Collected data
lemma tensor14_contract_slice1:
  fixes u :: "nat \<Rightarrow> 'a::semiring_1"
  shows "(\<Sum>i<3. u i * tensor14 i 1 k) = (if k = 1 then u 1 else if k = 2 then u 0 else 0)"
  by (simp add: tensor14_def eval_nat_numeral)

lemma tensor14_annihilator_eq_0:
  fixes a b c :: "nat \<Rightarrow> nat \<Rightarrow> 'a::semiring_1"
  assumes "polyadic_decomp 3 2 3 r a b c tensor14"
    and "\<forall>l<r. (\<Sum>i<3. u i * a l i) = 0" and "k < 3"
  shows "u k = 0"
  using polyadic_decomp_contract[OF assms(1), of 0 k u] assms(2,3)
  by (simp add: tensor14_contract_slice0)

lemma tensor14_separating_covector_supp:
  fixes a b c :: "nat \<Rightarrow> nat \<Rightarrow> 'a::division_ring"
  assumes D: "polyadic_decomp 3 2 3 r a b c tensor14" and "l < r"
    and ann: "\<forall>l'<r. l' \<noteq> l \<longrightarrow> (\<Sum>i<3. u i * a l' i) = 0" and "\<exists>i<3. u i \<noteq> 0"
  shows "u 0 = 0 \<and> (u 1 = 0 \<or> u 2 = 0)"
proof -
  define \<alpha> where "\<alpha> = (\<Sum>i<3. u i * a l i)"
  have E: "(\<Sum>i<3. u i * tensor14 i j k) = \<alpha> * b l j * c l k" if "j < 2" "k < 3" for j k
  proof -
    have "(\<Sum>i<3. u i * tensor14 i j k) = (\<Sum>l'<r. (\<Sum>i<3. u i * a l' i) * b l' j * c l' k)"
      by (rule polyadic_decomp_contract[OF D that])
    also have "\<dots> = (\<Sum>l'\<in>{l}. (\<Sum>i<3. u i * a l' i) * b l' j * c l' k)"
      by (rule sum.mono_neutral_right) (use ann \<open>l < r\<close> in auto)
    finally show ?thesis by (simp add: \<alpha>_def)
  qed
  define p q where "p = \<alpha> * b l 0" and "q = \<alpha> * b l 1"
  have slice0: "u k = p * c l k" if "k < 3" for k
    using E[of 0 k] that by (simp add: tensor14_contract_slice0 p_def)
  have slice1: "0 = q * c l 0" "u 1 = q * c l 1" "u 0 = q * c l 2"
    using E[of 1 0] E[of 1 1] E[of 1 2] unfolding tensor14_contract_slice1 q_def by simp_all
  have "p \<noteq> 0" using slice0 \<open>\<exists>i<3. u i \<noteq> 0\<close> by auto
  then have c: "c l k = inverse p * u k" if "k < 3" for k
    using slice0[OF that] by (simp add: mult.assoc[symmetric])
  define m where "m = q * inverse p"
  \<comment> \<open>\<open>u\<close> is a left eigenvector of the second slice, with eigenvalue \<open>m\<close>\<close>
  have "0 = m * u 0" "u 1 = m * u 1" "u 0 = m * u 2"
    using slice1 c by (simp_all add: m_def mult.assoc)
  then show ?thesis by (cases "m = 0") auto
qed

lemma tensor14_no_polyadic_decomp_3:
  fixes a b c :: "nat \<Rightarrow> nat \<Rightarrow> 'a::division_ring"
  shows "\<not> polyadic_decomp 3 2 3 3 a b c tensor14"
proof
  assume D: "polyadic_decomp 3 2 3 3 a b c tensor14"
  define separating where "separating l u \<longleftrightarrow>
    (\<exists>i<3. u i \<noteq> 0) \<and> (\<forall>l'<3. l' \<noteq> l \<longrightarrow> (\<Sum>i<3. u i * a l' i) = 0)" for l u
  have "\<exists>u. l < 3 \<longrightarrow> separating l u" for l
  proof -
    obtain u where "\<exists>i\<in>{..<3}. u i \<noteq> 0"
      "(\<Sum>i<3. u i * a ((l + 1) mod 3) i) = 0" "(\<Sum>i<3. u i * a ((l + 2) mod 3) i) = 0"
      by (rule exists_common_left_annihilator[where I = "{..<3}"
          and x = "a ((l + 1) mod 3)" and y = "a ((l + 2) mod 3)"]) auto
    moreover have "l' = (l + 1) mod 3 \<or> l' = (l + 2) mod 3" if "l < 3" "l' < 3" "l' \<noteq> l" for l'
      using that by presburger
    ultimately show ?thesis by (auto simp: separating_def)
  qed
  then obtain U where "\<And>l. l < 3 \<Longrightarrow> separating l (U l)"
    by (metis choice)
  then have U: "\<And>l. l < 3 \<Longrightarrow> \<exists>i<3. U l i \<noteq> 0"
    "\<And>l l'. l < 3 \<Longrightarrow> l' < 3 \<Longrightarrow> l' \<noteq> l \<Longrightarrow> (\<Sum>i<3. U l i * a l' i) = 0"
    by (auto simp: separating_def)
  define p where "p l = (if U l 1 = 0 then 2 else 1 :: nat)" for l
  have supp: "(\<Sum>i<3. U l i * x i) = U l (p l) * x (p l)" "U l (p l) \<noteq> 0" if "l < 3" for l x
  proof -
    have "U l 0 = 0 \<and> (U l 1 = 0 \<or> U l 2 = 0)"
      using tensor14_separating_covector_supp[OF D that] U that by blast
    then show "(\<Sum>i<3. U l i * x i) = U l (p l) * x (p l)" "U l (p l) \<noteq> 0"
      using U(1)[OF that] by (auto simp: p_def eval_nat_numeral less_Suc_eq)
  qed
  have "card (p ` {..<3}) \<le> card {1, 2 :: nat}"
    by (rule card_mono) (auto simp: p_def)
  then have "\<not> inj_on p {..<3}"
    by (intro pigeonhole) simp
  then obtain s t where st: "s < 3" "t < 3" "s \<noteq> t" "p s = p t"
    by (auto simp: inj_on_def)
  have "U t (p t) * a s (p t) = 0" using U(2)[of t s] supp[of t] st by simp
  then have "\<forall>l<3. (\<Sum>i<3. U s i * a l i) = 0"
    using U(2)[of s] supp st by auto
  then show False
    using tensor14_annihilator_eq_0[OF D] U(1)[of s] st by blast
qed

lemma tensor14_polyadic_decomp_length:
  fixes a b c :: "nat \<Rightarrow> nat \<Rightarrow> 'a::division_ring"
  assumes "polyadic_decomp 3 2 3 r a b c tensor14"
  shows "4 \<le> r"
  using polyadic_decomp_pad[OF assms, of 3] tensor14_no_polyadic_decomp_3 by force

lemma tensor14_polyadic_decomp_4:
  obtains a b c :: "nat \<Rightarrow> nat \<Rightarrow> 'a::semiring_1"
  where "polyadic_decomp 3 2 3 4 a b c tensor14"
    and "\<forall>l<4. \<exists>i<3. \<exists>j<2. \<exists>k<3. a l i * b l j * c l k \<noteq> 0"
proof -
  \<comment> \<open>\<open>e\<^sub>0\<otimes>e\<^sub>0\<otimes>e\<^sub>0 + e\<^sub>2\<otimes>e\<^sub>0\<otimes>e\<^sub>2 + e\<^sub>0\<otimes>e\<^sub>1\<otimes>e\<^sub>2 + e\<^sub>1\<otimes>(e\<^sub>0 + e\<^sub>1)\<otimes>e\<^sub>1\<close>\<close>
  define a b c :: "nat \<Rightarrow> nat \<Rightarrow> 'a" where
    "a l i = of_bool (i = [0, 2, 0, 1] ! l)" and
    "b l j = of_bool (j = 0 \<and> l \<noteq> 2 \<or> j = 1 \<and> 2 \<le> l)" and
    "c l k = of_bool (k = [0, 2, 2, 1] ! l)" for l i j k
  have "polyadic_decomp 3 2 3 4 a b c tensor14"
    by (auto simp: polyadic_decomp_def tensor14_def a_def b_def c_def eval_nat_numeral less_Suc_eq)
  moreover have "\<forall>l<4. \<exists>i<3. \<exists>j<2. \<exists>k<3. a l i * b l j * c l k \<noteq> 0"
    by (auto simp: a_def b_def c_def eval_nat_numeral less_Suc_eq)
  ultimately show ?thesis by (rule that)
qed

theorem mainTheorem14:
  shows "tensor_rank 3 2 3 T14 = 4"
proof -
  obtain a b c :: "nat \<Rightarrow> nat \<Rightarrow> quat" where "polyadic_decomp 3 2 3 4 a b c tensor14"
    and "\<forall>l<4. \<exists>i<3. \<exists>j<2. \<exists>k<3. a l i * b l j * c l k \<noteq> 0"
    by (rule tensor14_polyadic_decomp_4)
  then show ?thesis
    unfolding T14_eq_tensor14 by (rule tensor_rank_eqI) (rule tensor14_polyadic_decomp_length)
qed

end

WHAT THE TASK ASKS => State the number of lines in the records that contain the string "open", and nothing more.

RESPONSE TO THIS EXERCISE => 4